According to Jagger, current price increases are reacting to several factors: base oil pricing, additive costs, higher plastic resin prices, increase in corrugated prices probably driven by significant increase in demand for cardboard by e-commerce sales, and manufacturing costs and higher transportation costs
“As we hopefully gain traction on economic recovery during [the first quarter and second quarter] this year, it remains to be seen how much of these price increases will actually hold across the consumer, and commercial and industrial markets,” she told Lube Report.
Contrary to what typically occurs at the end of the year, when base oil producers have to contend with rising inventories and downward price pressure, last November, suppliers raised posted and spot prices. These movements were fueled by healthy demand – both on the domestic and export fronts – against tight base oil availability given that most refineries were running at reduced rates on account of lackluster fuel demand and thin distillate margins.
Firm crude oil values offered further support to the higher base oil numbers.
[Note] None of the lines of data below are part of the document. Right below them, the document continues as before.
definition monotonic :: "gpoint list \<Rightarrow> bool" where
  "monotonic ps \<longleftrightarrow> (\<forall>i j. i \<le> j \<and> j < length ps \<longrightarrow>
       fst (ps ! i) \<le> fst (ps ! j) \<and> snd (ps ! i) \<le> snd (ps ! j))"

definition EPG_rep :: "'a set \<Rightarrow> ('a \<Rightarrow> 'a \<Rightarrow> bool) \<Rightarrow> ('a \<Rightarrow> gpoint list) \<Rightarrow> bool" where
  "EPG_rep V E P \<longleftrightarrow> (\<forall>v\<in>V. grid_path (P v))
     \<and> (\<forall>u\<in>V. \<forall>v\<in>V. u \<noteq> v \<longrightarrow> (E u v \<longleftrightarrow> path_edges (P u) \<inter> path_edges (P v) \<noteq> {}))"

definition in_B1m :: "'a set \<Rightarrow> ('a \<Rightarrow> 'a \<Rightarrow> bool) \<Rightarrow> bool" where
  "in_B1m V E \<longleftrightarrow> (\<exists>P. EPG_rep V E P \<and> (\<forall>v\<in>V. monotonic (P v) \<and> num_bends (P v) \<le> 1))"

end

(*
  Every vertex is drawn as a monotonic L-shaped grid path: a horizontal segment followed by a
  vertical one, or vice versa.  The proof is an induction over cut vertices with a stronger
  invariant: for every vertex r there is a representation in which each path owns a private grid
  edge and r is a horizontal segment covering every edge that other paths have on its row.

  A cactus without cut vertices is a cycle, a single edge or a single vertex; these are
  represented by explicit L-shapes.  At a cut vertex c a cactus splits into two smaller cacti, one
  containing r and one rooted at c.  Scaling the representation of the first by a large factor
  turns the private edge of c into a long segment whose grid cell no other path enters.  A
  translated copy of the representation of the second is put into that cell with its root on the
  row of the segment, and the copy of c is dropped: by the root property the long segment meets
  exactly the paths the copy met.  If the private edge of c is vertical, the same is done after
  reflecting the picture in the diagonal.
*)

theory Submission
  imports Defs "HOL-Library.Transitive_Closure_Table"
begin

section \<open>Cacti\<close>

definition induced :: "('a \<Rightarrow> 'a \<Rightarrow> bool) \<Rightarrow> 'a set \<Rightarrow> 'a \<Rightarrow> 'a \<Rightarrow> bool" where
  "induced E S u v \<longleftrightarrow> E u v \<and> u \<in> S \<and> v \<in> S"

lemma cactus_graph:
  assumes "cactus V E"
  shows cactus_finite: "finite V" and cactus_nonempty: "V \<noteq> {}"
    and cactus_sym: "E u v \<Longrightarrow> E v u" and cactus_symp: "symp E" and cactus_irrefl: "\<not> E v v"
    and cactus_edge_mem: "E u v \<Longrightarrow> u \<in> V \<and> v \<in> V"
    and cactus_connected: "u \<in> V \<Longrightarrow> v \<in> V \<Longrightarrow> E\<^sup>*\<^sup>* u v"
  using assms unfolding cactus_def connected_graph_def simple_graph_def by (blast intro: sympI)+

lemma rtranclp_exit:
  assumes "R\<^sup>*\<^sup>* a b" "a \<in> S" "b \<notin> S"
  obtains p q where "R p q" "p \<in> S" "q \<notin> S"
  using assms by (induction rule: rtranclp_induct) auto

lemma rtranclp_induced_mem: "(induced E S)\<^sup>*\<^sup>* u v \<Longrightarrow> u \<in> S \<Longrightarrow> v \<in> S"
  by (induction rule: rtranclp_induct) (auto simp: induced_def)

lemma rtranclp_induced_mono:
  "(induced E S)\<^sup>*\<^sup>* u v \<Longrightarrow> S \<subseteq> T \<Longrightarrow> (induced E T)\<^sup>*\<^sup>* u v"
  by (erule rtranclp_mono[THEN predicate2D, rotated]) (auto simp: induced_def)

lemma rtranclp_induced_sym:
  assumes "symp E" and "(induced E S)\<^sup>*\<^sup>* u v"
  shows "(induced E S)\<^sup>*\<^sup>* v u"
  using assms(2)
proof (induction rule: rtranclp_induct)
  case (step y z)
  then have "induced E S z y" using \<open>symp E\<close> unfolding induced_def by (blast dest: sympD)
  then show ?case using step.IH by (rule converse_rtranclp_into_rtranclp)
qed simp

lemma cactus_induced:
  assumes cactus: "cactus V E" and S: "S \<subseteq> V" "S \<noteq> {}"
    and connected: "\<And>u v. u \<in> S \<Longrightarrow> v \<in> S \<Longrightarrow> (induced E S)\<^sup>*\<^sup>* u v"
  shows "cactus S (induced E S)"
proof -
  have "simple_graph S (induced E S)"
    using cactus S finite_subset unfolding cactus_def connected_graph_def simple_graph_def induced_def
    by blast
  moreover have "simple_cycle V E cs" if "simple_cycle S (induced E S) cs" for cs
    using that S unfolding simple_cycle_def induced_def by auto
  ultimately show ?thesis
    using cactus S connected unfolding cactus_def connected_graph_def by blast
qed

lemma simple_path_in_induced:
  assumes "(induced E S)\<^sup>*\<^sup>* a b" "a \<noteq> b"
  obtains xs where "rtrancl_path E a xs b" "distinct (a # xs)" "set (a # xs) \<subseteq> S" "xs \<noteq> []"
proof -
  obtain ys where "rtrancl_path (induced E S) a ys b"
    using assms(1) rtranclp_eq_rtrancl_path by metis
  then obtain xs where path: "rtrancl_path (induced E S) a xs b" and "distinct (a # xs)"
    by (rule rtrancl_path_distinct)
  moreover have "xs \<noteq> []" using path assms(2) by (auto elim: rtrancl_path.cases)
  moreover have "a \<in> S"
    using path \<open>xs \<noteq> []\<close> by (auto elim: rtrancl_path.cases simp: induced_def)
  moreover have "set xs \<subseteq> S"
    using rtrancl_path_Range[OF path] by (auto simp: induced_def Rangep.simps)
  moreover have "rtrancl_path E a xs b"
    using path by (rule rtrancl_path_mono) (simp add: induced_def)
  ultimately show thesis using that by simp
qed

lemma simple_cycle_close_path:
  assumes path: "rtrancl_path E a xs b" and "distinct (a # xs)" "xs \<noteq> []"
    and "v \<notin> set (a # xs)" "E v a" "E b v" "set (a # xs) \<subseteq> V" "v \<in> V"
  shows "simple_cycle V E (v # a # xs)"
  unfolding simple_cycle_def
proof (intro conjI allI impI)
  show "3 \<le> length (v # a # xs)" "distinct (v # a # xs)" "set (v # a # xs) \<subseteq> V"
    using assms by (auto simp: Suc_le_eq)
next
  fix i let ?C = "v # a # xs"
  assume i: "i < length ?C"
  consider "i = 0" | j where "i = Suc j" "j < length xs" | "i = Suc (length xs)"
    using i by (cases i) (force simp: less_Suc_eq)+
  then show "E (?C ! i) (?C ! ((i + 1) mod length ?C))"
  proof cases
    case 1
    then show ?thesis using \<open>E v a\<close> by simp
  next
    case (2 j)
    then show ?thesis using rtrancl_path_nth[OF path, of j] by simp
  next
    case 3
    have "?C ! i = b" using rtrancl_path_last[OF path \<open>xs \<noteq> []\<close>] \<open>xs \<noteq> []\<close> 3
      by (simp add: last_conv_nth)
    then show ?thesis using \<open>E b v\<close> 3 by simp
  qed
qed

lemma cycle_edge_at_head:
  assumes "{v, z} \<in> cycle_edges (v # ys)" "v \<notin> set ys" "ys \<noteq> []"
  shows "z = hd ys \<or> z = last ys"
proof -
  let ?C = "v # ys"
  obtain i where i: "i < length ?C" and e: "{v, z} = {?C ! i, ?C ! ((i + 1) mod length ?C)}"
    using assms(1) unfolding cycle_edges_def by blast
  have at_v: "k = 0" if "k < length ?C" "?C ! k = v" for k
    using that assms(2) by (cases k) auto
  have "(i + 1) mod length ?C < length ?C" by simp
  then consider "i = 0" | "(i + 1) mod length ?C = 0"
    using e at_v i by (metis doubleton_eq_iff)
  then show ?thesis
  proof cases
    case 1
    then show ?thesis using e assms(3) by (cases ys) (auto simp: doubleton_eq_iff)
  next
    case 2
    then have "i = length ys" using i by (auto simp: mod_Suc split: if_splits)
    then show ?thesis using e 2 assms(3) by (auto simp: doubleton_eq_iff last_conv_nth)
  qed
qed

definition cut_vertex :: "'a set \<Rightarrow> ('a \<Rightarrow> 'a \<Rightarrow> bool) \<Rightarrow> 'a \<Rightarrow> bool" where
  "cut_vertex V E c \<longleftrightarrow> c \<in> V \<and> (\<exists>x\<in>V - {c}. \<exists>y\<in>V - {c}. \<not> (induced E (V - {c}))\<^sup>*\<^sup>* x y)"

lemma non_cut_vertex_connected:
  "\<not> cut_vertex V E c \<Longrightarrow> c \<in> V \<Longrightarrow> x \<in> V - {c} \<Longrightarrow> y \<in> V - {c} \<Longrightarrow>
    (induced E (V - {c}))\<^sup>*\<^sup>* x y"
  unfolding cut_vertex_def by blast

lemma neighbours_of_non_cut_vertex:
  assumes cactus: "cactus V E" and v: "v \<in> V" "\<not> cut_vertex V E v"
    and nbrs: "E v a" "E v b" "E v c" "a \<noteq> b"
  shows "c = a \<or> c = b"
proof (rule ccontr)
  assume "\<not> (c = a \<or> c = b)"
  then have distinct: "a \<noteq> b" "c \<noteq> a" "c \<noteq> b" using nbrs by auto
  have in_V: "a \<in> V - {v}" "b \<in> V - {v}" "c \<in> V - {v}"
    using nbrs cactus_edge_mem[OF cactus] cactus_irrefl[OF cactus] by blast+
  note connected = non_cut_vertex_connected[OF v(2,1)]
  obtain P where P: "rtrancl_path E a P b" "distinct (a # P)" "set (a # P) \<subseteq> V - {v}" "P \<noteq> []"
    using simple_path_in_induced[OF connected[OF in_V(1,2)] distinct(1)] .
  obtain W where W: "rtrancl_path E c W a" "distinct (c # W)" "set (c # W) \<subseteq> V - {v}" "W \<noteq> []"
    using simple_path_in_induced[OF connected[OF in_V(3,1)] distinct(2)] .
  have cycle1: "simple_cycle V E (v # a # P)"
    using P nbrs(1) cactus_sym[OF cactus nbrs(2)] v(1) by (intro simple_cycle_close_path) auto
  have cycle2: "simple_cycle V E (v # c # W)"
    using W nbrs(3) cactus_sym[OF cactus nbrs(1)] v(1) by (intro simple_cycle_close_path) auto
  have "{v, c} \<in> cycle_edges (v # c # W)" unfolding cycle_edges_def by force
  moreover have "{v, c} \<notin> cycle_edges (v # a # P)"
  proof
    assume "{v, c} \<in> cycle_edges (v # a # P)"
    moreover have "v \<notin> set (a # P)" using P(3) by blast
    ultimately have "c = a \<or> c = last (a # P)" using cycle_edge_at_head[of v c "a # P"] by simp
    then show False using distinct rtrancl_path_last[OF P(1,4)] P(4) by auto
  qed
  ultimately have "card (set (v # a # P) \<inter> set (v # c # W)) \<le> 1"
    using cactus cycle1 cycle2 unfolding cactus_def by blast
  moreover have "{v, a} \<subseteq> set (v # a # P) \<inter> set (v # c # W)"
    using rtrancl_path_last[OF W(1,4)] W(4) by auto
  then have "2 \<le> card (set (v # a # P) \<inter> set (v # c # W))"
    using in_V(1) card_mono[OF _ \<open>{v, a} \<subseteq> _\<close>] by auto
  ultimately show False by simp
qed

text \<open>For \<open>n \<le> 2\<close> this describes a single vertex or a single edge; note that
  \<^term>\<open>cyclic_adj 1 0 0\<close> holds, so only distinct indices are meaningful.\<close>

definition cyclic_adj :: "nat \<Rightarrow> nat \<Rightarrow> nat \<Rightarrow> bool" where
  "cyclic_adj n i j \<longleftrightarrow> j = Suc i mod n \<or> i = Suc j mod n"

lemma cyclic_adj_iff:
  "i < n \<Longrightarrow> j < n \<Longrightarrow>
    cyclic_adj n i j \<longleftrightarrow> j = i + 1 \<or> i = j + 1 \<or> (i = 0 \<and> j + 1 = n) \<or> (j = 0 \<and> i + 1 = n)"
  unfolding cyclic_adj_def by (auto simp: mod_Suc)

lemma cycle_pred_index:
  assumes "i < n"
  shows "(i + (n - 1)) mod n < n" and "Suc ((i + (n - 1)) mod n) mod n = i"
    and "3 \<le> n \<Longrightarrow> (i + (n - 1)) mod n \<noteq> Suc i mod n"
proof -
  show "(i + (n - 1)) mod n < n" using assms by simp
  have "Suc ((i + (n - 1)) mod n) mod n = (i + n) mod n"
    using assms by (simp add: mod_Suc_eq)
  then show "Suc ((i + (n - 1)) mod n) mod n = i" using assms by simp
  show "(i + (n - 1)) mod n \<noteq> Suc i mod n" if "3 \<le> n"
  proof (cases "i = 0")
    case True
    then show ?thesis using that by (simp add: mod_Suc)
  next
    case False
    then have "(i + (n - 1)) mod n = i - 1" using assms by (simp add: mod_if)
    then show ?thesis using assms that False by (auto simp: mod_Suc)
  qed
qed

lemma simple_cycle_of_cactus_without_cut_vertex:
  assumes cactus: "cactus V E" and no_cut: "\<And>c. \<not> cut_vertex V E c"
    and cycle: "simple_cycle V E C"
  shows "set C = V"
    and "\<And>i j. i < length C \<Longrightarrow> j < length C \<Longrightarrow> E (C ! i) (C ! j) \<longleftrightarrow> cyclic_adj (length C) i j"
proof -
  define n where "n = length C"
  have n: "3 \<le> n" "distinct C" "set C \<subseteq> V" and step: "\<And>i. i < n \<Longrightarrow> E (C ! i) (C ! (Suc i mod n))"
    using cycle unfolding simple_cycle_def n_def by auto
  have succ: "Suc i mod n < n" for i using n(1) by simp
  have neighbours: "q = C ! (Suc i mod n) \<or> q = C ! ((i + (n - 1)) mod n)"
    if i: "i < n" and q: "E (C ! i) q" for i q
  proof (rule neighbours_of_non_cut_vertex[OF cactus _ no_cut step[OF i] _ q])
    show "C ! i \<in> V" using i n unfolding n_def by auto
    show "E (C ! i) (C ! ((i + (n - 1)) mod n))"
      using step[OF cycle_pred_index(1)[OF i]] cactus_sym[OF cactus]
      unfolding cycle_pred_index(2)[OF i] by blast
    show "C ! (Suc i mod n) \<noteq> C ! ((i + (n - 1)) mod n)"
      using n i succ cycle_pred_index[OF i] unfolding n_def by (simp add: nth_eq_iff_index_eq)
  qed
  show "set C = V"
  proof (rule ccontr)
    assume "set C \<noteq> V"
    then obtain z where z: "z \<in> V" "z \<notin> set C" using n(3) by blast
    have C0: "C ! 0 \<in> set C" using n(1) unfolding n_def by (intro nth_mem) linarith
    then have "E\<^sup>*\<^sup>* (C ! 0) z" using cactus_connected[OF cactus] z(1) n(3) by blast
    from rtranclp_exit[OF this C0 z(2)]
    obtain p q where pq: "E p q" "p \<in> set C" "q \<notin> set C" .
    then obtain i where i: "i < n" "C ! i = p" by (auto simp: in_set_conv_nth n_def)
    then have "q = C ! (Suc i mod n) \<or> q = C ! ((i + (n - 1)) mod n)" using neighbours pq(1) by blast
    moreover have "C ! (Suc i mod n) \<in> set C" "C ! ((i + (n - 1)) mod n) \<in> set C"
      using succ cycle_pred_index(1)[OF i(1)] unfolding n_def by (simp_all only: nth_mem)
    ultimately show False using pq(3) by blast
  qed
  fix i j assume ij: "i < length C" "j < length C"
  show "E (C ! i) (C ! j) \<longleftrightarrow> cyclic_adj (length C) i j"
  proof
    assume "E (C ! i) (C ! j)"
    then have "C ! j = C ! (Suc i mod n) \<or> C ! j = C ! ((i + (n - 1)) mod n)"
      using neighbours ij unfolding n_def by blast
    then have "j = Suc i mod n \<or> j = (i + (n - 1)) mod n"
      using n(2) ij succ cycle_pred_index(1)[of i n] unfolding n_def by (auto simp: nth_eq_iff_index_eq)
    then show "cyclic_adj (length C) i j"
      using cycle_pred_index(2)[of i n] ij unfolding cyclic_adj_def n_def by auto
  next
    assume "cyclic_adj (length C) i j"
    then show "E (C ! i) (C ! j)"
      using step ij cactus_sym[OF cactus] unfolding cyclic_adj_def n_def by auto
  qed
qed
A majority of paraffinic producers and rerefiners raised API Group I, II, II+ and III posted prices by 20, 25, 26 and 30 cents per gallon, depending on the grade, with increases going into effect between Dec. 7 and Dec. 16. The Group II+ and III suppliers had previously also revised postings in late November.
Similarly, naphthenic base oil producers implemented price increases between Dec. 1 and Dec. 18, with values rising by 20, 25 and 30 cents/gal, depending on the viscosity and the producer.
Agashe noted that in addition to increased base oil prices, rising prices for lubricant additives, plastic resin, higher transportation costs and higher manufacturing costs also led to the increased lubricant prices. “For example, Afton Chemicals will increase the price of its lube additives by 8% or more effective Jan. 20,” she added.
She noted that one of the biggest questions surrounding transportation is how spot rates will affect next year’s contracts, as rates averaged 20% to 30% higher than 2019 over the past three months. In this context, she explained, spot rates refers to hiring a logistics company without a 12-month advance negotiated fee and agreeing to instead pay the spot price, which is like the “current ongoing” price as opposed to contracts negotiated in the prior year.
Gabriela Wheeler contributed to this report.